As more corporate entities move to include employee demographics in transparency reports and social sustainability tracking, there is a greater impetus to find a solution to progress gender equality in a way that works across a variety of cultures, geographic areas, industries and sizes of businesses. Candice Eaton Gaul shares her views on the journey of RSM Member Firms as they commit to the United Nations Women’s Empowerment Principles and why more organisations should consider this commitment. 

Gender equality is a pressing strategic area for diversity and inclusion globally. Being able to use the Women’s Empowerment Principles (WEPs) as a framework has been incredibly useful for making progress in this area. The reason that the WEPs have been so well received by CEOs and Managing Partners in RSM Member Firms is because it can be tailored to their organisation’s size, as well as their business and cultural needs. The WEPs have also provided an important aspect of consistency in both the methods of calculation and required areas of reporting. 

Creating real business benefits 

The biggest value in making a commitment to the WEPs, that many of our Member Firms have found, is for employees. This benefit is critical in a market with significant talent and skills shortages. I am very pleased to say RSM has twelve Member Firms who have committed to the WEPs, affecting about 30,000 RSM employees. This framework is fit for purpose for all sizes of organisations. 

The WEPs were drafted with a really interesting approach and it may be useful to point out, for any business considering a commitment to the WEPs, that there is no requirement to have everything perfectly in place at the time of signature. Instead, it is a benchmark of where an organisation is now, and the commitment made is towards progressing a more inclusive future. This perspective makes taking the first step a little easier, focusing on what to get done in the future, as opposed to what hasn’t been done in the past. 

When this commitment is made by the CEO or Managing Partner, it sends a clear message that progress towards gender equality is a priority. It opens the opportunity for leaders to invite feedback from employees, to deal with the ‘elephant in the room’; the pressing matters that need to be acknowledged and spoken about.
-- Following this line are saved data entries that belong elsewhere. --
(* Let $\mathfrak{A}=(Q,\Sigma_I\times\Sigma_O,q_\iota,\delta,\Omega)$ be a deterministic parity automaton and let $k>0$. If Player~$O$ wins the delay game $\Gamma_k(L(\mathfrak{A}))$, then she wins the game $\mathcal{G}_k$.
   Context: DPA: $\mathfrak{A}$ has finite state set $Q$, initial state $q_\iota$, transition function $\delta\colon Q\times(\Sigma_I\times\Sigma_O)\to Q$, coloring $\Omega\colon Q\to\mathbb{N}$; a run $q_0q_1\cdots$ ($q_0=q_\iota$, $q_{i+1}=\delta(q_i,\text{$i$-th letter})$) is accepting iff $\limsup_i\Omega(q_i)$ is even; $L(\mathfrak{A})$ is the set of words with accepting run. Delay game $\Gamma_k(L)$: in round $0$ Player~$I$ picks $a_0\cdots a_k\in\Sigma_I$, then Player~$O$ picks $b_0\in\Sigma_O$; in round $i>0$ Player~$I$ picks $a_{k+i}$, then Player~$O$ picks $b_i$. A strategy for $O$ is $\sigma\colon\Sigma_I^*\to\Sigma_O$, an outcome is consistent with it if $b_i=\sigma(a_0\cdots a_{i+k})$ for all $i$, it is winning if all consistent outcomes $\binom{a_0}{b_0}\binom{a_1}{b_1}\cdots$ lie in $L$, and $O$ wins if she has a winning strategy. The game $\mathcal{G}_k$: let $C=\Omega(Q)$. Define $\delta_\mathcal{T}((q,c),\binom{a}{b})=(q',\max\{c,\Omega(q')\})$ with $q'=\delta(q,\binom{a}{b})$, and $\delta_\mathcal{P}\colon 2^{Q\times C}\times\Sigma_I\to 2^{Q\times C}$ by $\delta_\mathcal{P}(S,a)=\bigcup_{(q,c)\in S}\bigcup_{b\in\Sigma_O}\{\delta_\mathcal{T}((q,c),\binom{a}{b})\}$, extended to words by $\delta^*_\mathcal{P}(S,\epsilon)=S$, $\delta^*_\mathcal{P}(S,wa)=\delta_\mathcal{P}(\delta^*_\mathcal{P}(S,w),a)$. For nonempty $D\subseteq Q\times C$ and $w\in\Sigma_I^*$ let $r^D_w\colon D\to 2^{Q\times C}$, $r^D_w(q,c)=\delta^*_\mathcal{P}(\{(q,\Omega(q))\},w)$. Let $\mathfrak{R}=\{r^D_w : w\in\Sigma_I^k,\ \emptyset\ne D\subseteq Q\times C\}$ (partial functions $Q\times C\rightharpoonup 2^{Q\times C}$ with domain $\mathrm{dom}(r)$). In $\mathcal{G}_k$, in each round $i\in\mathbb{N}$ Player~$I$ picks $r_i\in\mathfrak{R}$ and then Player~$O$ picks $(q_i,c_i)\in Q\times C$, subject to: $\mathrm{dom}(r_0)=\{(q_\iota,\Omega(q_\iota))\}$, $\mathrm{dom}(r_i)=r_{i-1}(q_{i-1},c_{i-1})$ for $i>0$, and $(q_i,c_i)\in\mathrm{dom}(r_i)$ for all $i$. A play is won by Player~$O$ iff $\limsup_i c_i$ is even. A strategy for $O$ maps each prefix $r_0(q_0,c_0)\cdots r_i$ to a legal $(q_i,c_i)$; she wins $\mathcal{G}_k$ if she has a strategy all of whose consistent plays she wins. *)

theory Defs
  imports Main
begin

text \<open>Deterministic parity automaton over the alphabet 'a \<times> 'b (input \<times> output).
  The state set Q is the (finite) type 'q; the alphabets are the finite types 'a and 'b.\<close>
record ('q, 'a, 'b) dpa =
  init  :: 'q
  trans :: "'q \<Rightarrow> 'a \<times> 'b \<Rightarrow> 'q"
  col   :: "'q \<Rightarrow> nat"

definition nat_limsup_is :: "(nat \<Rightarrow> nat) \<Rightarrow> nat \<Rightarrow> bool" where
  "nat_limsup_is f c \<longleftrightarrow> (\<forall>\<^sub>F i in sequentially. f i \<le> c) \<and> (\<exists>\<^sub>F i in sequentially. c \<le> f i)"

definition limsup_even :: "(nat \<Rightarrow> nat) \<Rightarrow> bool" where
  "limsup_even f \<longleftrightarrow> (\<exists>c. nat_limsup_is f c \<and> even c)"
Dealing with these issues and opening these conversations results in people feeling heard and valued, and has an undeniably positive effect on employee engagement, experience, job satisfaction, and, consequently, retention. 

Transparency and accountability 

Having been born and raised in South Africa, I have lived through, and experienced, how important transparency and accountability are for equality as a whole – not just gender equality. It takes time and serious commitment to address historic imbalances and deconstruct the systems of oppression put in place to impede an equal access to opportunities for everyone. Without that transparency, and without accountability, there is just not enough pressure to make change, to do things differently, and to drive results that lead towards truly meaningful transformation. 
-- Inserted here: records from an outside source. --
lemma doubling_attains_max:
  assumes "compact K" "K \<subseteq> \<Omega>" "K \<noteq> {}"
  obtains xm ym where "xm \<in> K" "ym \<in> K"
    "\<And>x y. x \<in> K \<Longrightarrow> y \<in> K \<Longrightarrow> doubling k1 k2 k3 x y \<le> doubling k1 k2 k3 xm ym"
proof -
  have fst: "continuous_on (K \<times> K) fst" "fst ` (K \<times> K) \<subseteq> K"
    and snd: "continuous_on (K \<times> K) snd" "snd ` (K \<times> K) \<subseteq> K"
    by (auto intro: continuous_on_fst continuous_on_snd continuous_on_id)
  have "usc_on K u" "usc_on K (\<lambda>y. - v y)"
    using subsol supersol assms(2) unfolding visc_subsol_def visc_supersol_def
    by (auto intro: usc_on_subset lsc_on_imp_usc_on_uminus lsc_on_subset)
  then have "usc_on (K \<times> K) (\<lambda>p. u (fst p))" "usc_on (K \<times> K) (\<lambda>p. - v (snd p))"
    using usc_on_compose fst snd by blast+
  moreover have "continuous_on K \<psi>"
    using C1_on_imp_continuous_on[OF C1_\<psi>] assms(2) by (rule continuous_on_subset)
  then have "continuous_on (K \<times> K) (\<lambda>p. \<psi> (fst p))" "continuous_on (K \<times> K) (\<lambda>p. \<psi> (snd p))"
    using continuous_on_compose2 fst snd by blast+
  then have "usc_on (K \<times> K) (\<lambda>p. - (k1 * norm (fst p - snd p)^2 + k2 * norm (fst p - xs)^2
      + k3 * (\<psi> (fst p) + \<psi> (snd p))))"
    by (intro continuous_on_imp_usc_on continuous_intros)
  ultimately have "usc_on (K \<times> K) (\<lambda>p. u (fst p) + - v (snd p) + - (k1 * norm (fst p - snd p)^2
      + k2 * norm (fst p - xs)^2 + k3 * (\<psi> (fst p) + \<psi> (snd p))))"
    by (intro usc_on_add)
  moreover have "(\<lambda>p. u (fst p) + - v (snd p) + - (k1 * norm (fst p - snd p)^2
      + k2 * norm (fst p - xs)^2 + k3 * (\<psi> (fst p) + \<psi> (snd p))))
    = (\<lambda>p. doubling k1 k2 k3 (fst p) (snd p))"
    by (simp add: fun_eq_iff doubling_def)
  ultimately have "usc_on (K \<times> K) (\<lambda>p. doubling k1 k2 k3 (fst p) (snd p))" by simp
  moreover have "K \<times> K \<noteq> {}" using assms(3) by simp
  ultimately obtain p where "p \<in> K \<times> K"
    and max: "\<forall>q\<in>K \<times> K. doubling k1 k2 k3 (fst q) (snd q) \<le> doubling k1 k2 k3 (fst p) (snd p)"
    using usc_on_compact_attains_max[OF compact_Times[OF assms(1) assms(1)]] by blast
  show thesis
  proof (rule that)
    show "fst p \<in> K" "snd p \<in> K" using \<open>p \<in> K \<times> K\<close> by auto
    fix x y
    assume "x \<in> K" "y \<in> K"
    then show "doubling k1 k2 k3 x y \<le> doubling k1 k2 k3 (fst p) (snd p)"
      using max[rule_format, of "(x, y)"] by simp
  qed
qed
Corporates hold a position of great power when it comes to social justice issues, and gender equality is an issue in almost every industry across the world. The WEPs are designed to be a vehicle that addresses the United Nations Sustainability Development Goal number 5 – Gender Equality, but they are also more than that. Of course, it helps for there to be a business case for the benefits that gender diversity brings to business, employees and communities, but building the path towards a gender equal future is a moral imperative. 
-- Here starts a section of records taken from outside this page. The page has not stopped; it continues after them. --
(* Let $X$ be a finite discrete space with at least two elements, $\Gamma$ a nonempty countable set, and $\varphi:\Gamma\to\Gamma$ one-to-one without periodic points. Then $X^\Gamma$ has an uncountable subset $M$ consisting of transitive points of $\sigma_\varphi$, and there exists $r>0$ such that for all distinct $x,y\in M$: $F^*_{xy}(t)=1$ for every $t>0$, and $F_{xy}(r)=0$.
   Context: $X^\Gamma$ has the product topology and a fixed compatible metric $d$; $\sigma_\varphi((x_\alpha)_{\alpha\in\Gamma})=(x_{\varphi(\alpha)})_{\alpha\in\Gamma}$. A point $x$ is a transitive point if $\{\sigma_\varphi^n(x):n\ge0\}$ is dense in $X^\Gamma$. With $f=\sigma_\varphi$, $\xi(x,y,t,n)=\#\{i\in\{0,\dots,n-1\}:d(f^i(x),f^i(y))<t\}$, $F_{xy}(t)=\liminf_n\xi(x,y,t,n)/n$, $F^*_{xy}(t)=\limsup_n\xi(x,y,t,n)/n$. *)

theory Defs
  imports "HOL-Analysis.Analysis"
begin

definition shift_map :: "'g set \<Rightarrow> ('g \<Rightarrow> 'g) \<Rightarrow> ('g \<Rightarrow> 'x) \<Rightarrow> ('g \<Rightarrow> 'x)" where
  "shift_map G phi x = (\<lambda>\<alpha>\<in>G. x (phi \<alpha>))"

definition xi :: "('a \<Rightarrow> 'a \<Rightarrow> real) \<Rightarrow> ('a \<Rightarrow> 'a) \<Rightarrow> 'a \<Rightarrow> 'a \<Rightarrow> real \<Rightarrow> nat \<Rightarrow> nat" where
  "xi d f x y t n = card {i \<in> {..<n}. d ((f ^^ i) x) ((f ^^ i) y) < t}"

definition F_lower :: "('a \<Rightarrow> 'a \<Rightarrow> real) \<Rightarrow> ('a \<Rightarrow> 'a) \<Rightarrow> 'a \<Rightarrow> 'a \<Rightarrow> real \<Rightarrow> ereal" where
  "F_lower d f x y t = liminf (\<lambda>n. ereal (real (xi d f x y t n) / real n))"

definition F_upper :: "('a \<Rightarrow> 'a \<Rightarrow> real) \<Rightarrow> ('a \<Rightarrow> 'a) \<Rightarrow> 'a \<Rightarrow> 'a \<Rightarrow> real \<Rightarrow> ereal" where
  "F_upper d f x y t = limsup (\<lambda>n. ereal (real (xi d f x y t n) / real n))"

definition transitive_point :: "'a topology \<Rightarrow> ('a \<Rightarrow> 'a) \<Rightarrow> 'a \<Rightarrow> bool" where
  "transitive_point T f x \<longleftrightarrow> T closure_of {(f ^^ n) x | n. True} = topspace T"

end

theory Submission
  imports Defs "HOL-Real_Asymp.Real_Asymp"
begin

text \<open>Fix \<open>\<alpha>0 \<in> \<Gamma>\<close> and letters \<open>a \<noteq> b\<close>. A bit sequence \<open>s\<close> is coded into a point \<open>x\<^sub>s\<close> that carries
  \<open>a\<close> or \<open>b\<close>, according to the bit \<open>s i\<close>, at the positions \<open>\<phi>\<^sup>m \<alpha>0\<close> with \<open>m\<close> in an odd factorial block
  \<open>[(2k+1)!, (2k+2)!)\<close>, where \<open>k\<close> encodes a pair \<open>(i, j)\<close>; everywhere else all the \<open>x\<^sub>s\<close> agree with
  one background point. Injectivity and aperiodicity of \<open>\<phi>\<close> let the background realize every finite
  pattern at some time whose relevant orbit positions avoid the odd blocks, so every \<open>x\<^sub>s\<close> is
  transitive. Each factorial block dominates all earlier time: during most of every even block two
  coded points agree on any given finite window and so are close (\<open>F* = 1\<close>), while during most of
  the infinitely many odd blocks coding a bit where they differ they differ at \<open>\<alpha>0\<close> and so, by
  compactness, are \<open>r\<close>-apart (\<open>F = 0\<close>).\<close>

lemma limsup_ereal_eq_if_subseq_tendsto:
  fixes u :: "nat \<Rightarrow> real"
  assumes "\<And>n. u n \<le> c" and "strict_mono r" and "(\<lambda>k. u (r k)) \<longlonglongrightarrow> c"
  shows "limsup (\<lambda>n. ereal (u n)) = ereal c"
proof (rule antisym)
  show "limsup (\<lambda>n. ereal (u n)) \<le> ereal c"
    using assms(1) by (intro Limsup_bounded) auto
  have "limsup ((\<lambda>n. ereal (u n)) \<circ> r) = ereal c"
    using assms(3) by (intro lim_imp_Limsup) (simp_all add: comp_def)
  then show "ereal c \<le> limsup (\<lambda>n. ereal (u n))"
    using limsup_subseq_mono[OF assms(2)] by metis
qed

lemma liminf_ereal_eq_if_subseq_tendsto:
  fixes u :: "nat \<Rightarrow> real"
  assumes "\<And>n. c \<le> u n" and "strict_mono r" and "(\<lambda>k. u (r k)) \<longlonglongrightarrow> c"
  shows "liminf (\<lambda>n. ereal (u n)) = ereal c"
proof (rule antisym)
  show "ereal c \<le> liminf (\<lambda>n. ereal (u n))"
    using assms(1) by (intro Liminf_bounded) auto
  have "liminf ((\<lambda>n. ereal (u n)) \<circ> r) = ereal c"
    using assms(3) by (intro lim_imp_Liminf) (simp_all add: comp_def)
  then show "liminf (\<lambda>n. ereal (u n)) \<le> ereal c"
    using liminf_subseq_mono[OF assms(2)] by metis
qed

lemma card_le_xi:
  "S \<subseteq> {..<n} \<Longrightarrow> (\<And>i. i \<in> S \<Longrightarrow> d ((f ^^ i) x) ((f ^^ i) y) < t) \<Longrightarrow> card S \<le> xi d f x y t n"
  unfolding xi_def by (intro card_mono) auto

lemma xi_le_card:
  "finite S \<Longrightarrow> (\<And>i. i < n \<Longrightarrow> d ((f ^^ i) x) ((f ^^ i) y) < t \<Longrightarrow> i \<in> S) \<Longrightarrow> xi d f x y t n \<le> card S"
  unfolding xi_def by (intro card_mono) auto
Good corporate governance means taking responsibility for the public’s perception and scrutiny. Being honest about the current position of a business in regard to gender equality, even if it isn’t favourable, takes humility and can garner respect through admission that there is a need for improvement and a commitment to action. Importantly, however, the commitment is not the action, it is the catalyst for measurable and meaningful change. 

Be active, not reactive 

In many countries, reporting on gender equality is not mandatory and that can lead to a challenge as to whether this issue needs to be dealt with, or even the question as to whether this is a business issue at all. 

My thoughts on that challenge are this: successful organisations are not those who take gender equality as a regulatory compliance function; they are the organisations that see equality as critical to the attraction and retention of top talent, and as critical to remain competitive in an increasingly global marketplace where there is a focus on sustainability and social justice issues. 

Businesses that want to be sustainable and successful have a focus on gender equality at the board level as a critical governance issue, and this is for three reasons: 

  1. It helps with the identification of the framework on ethical leadership and sustainability. 
  2. The opportunities that greater diversity in all forms bring to business. 
  3. It mitigates business and reputational risks. 

An equal future 

The World Economic Forum Global Gender Gap Report for 2020 and 2021 showed that progress towards gender equality went backwards, indicating that the headway made was not substantial enough to hold up in harder times. This data, and other research, has led to increasing pressure for disclosure and action. We can see this coming to life in Europe with the European Parliament’s “Women on Boards” Directive, which aims to have at least 40% of non-executive director posts held by the under-represented sex, with penalties for those who do not comply. This is a good step and will lay the path for others to follow. 

The WEPs are an effective method to use as a catalyst for change, as a basis of measurement, and a good place for organisations to get started. 

In closing, I would like to encourage anyone reading this to just take the first step, make sure that in the future your organisation isn’t looking back wishing they had started sooner.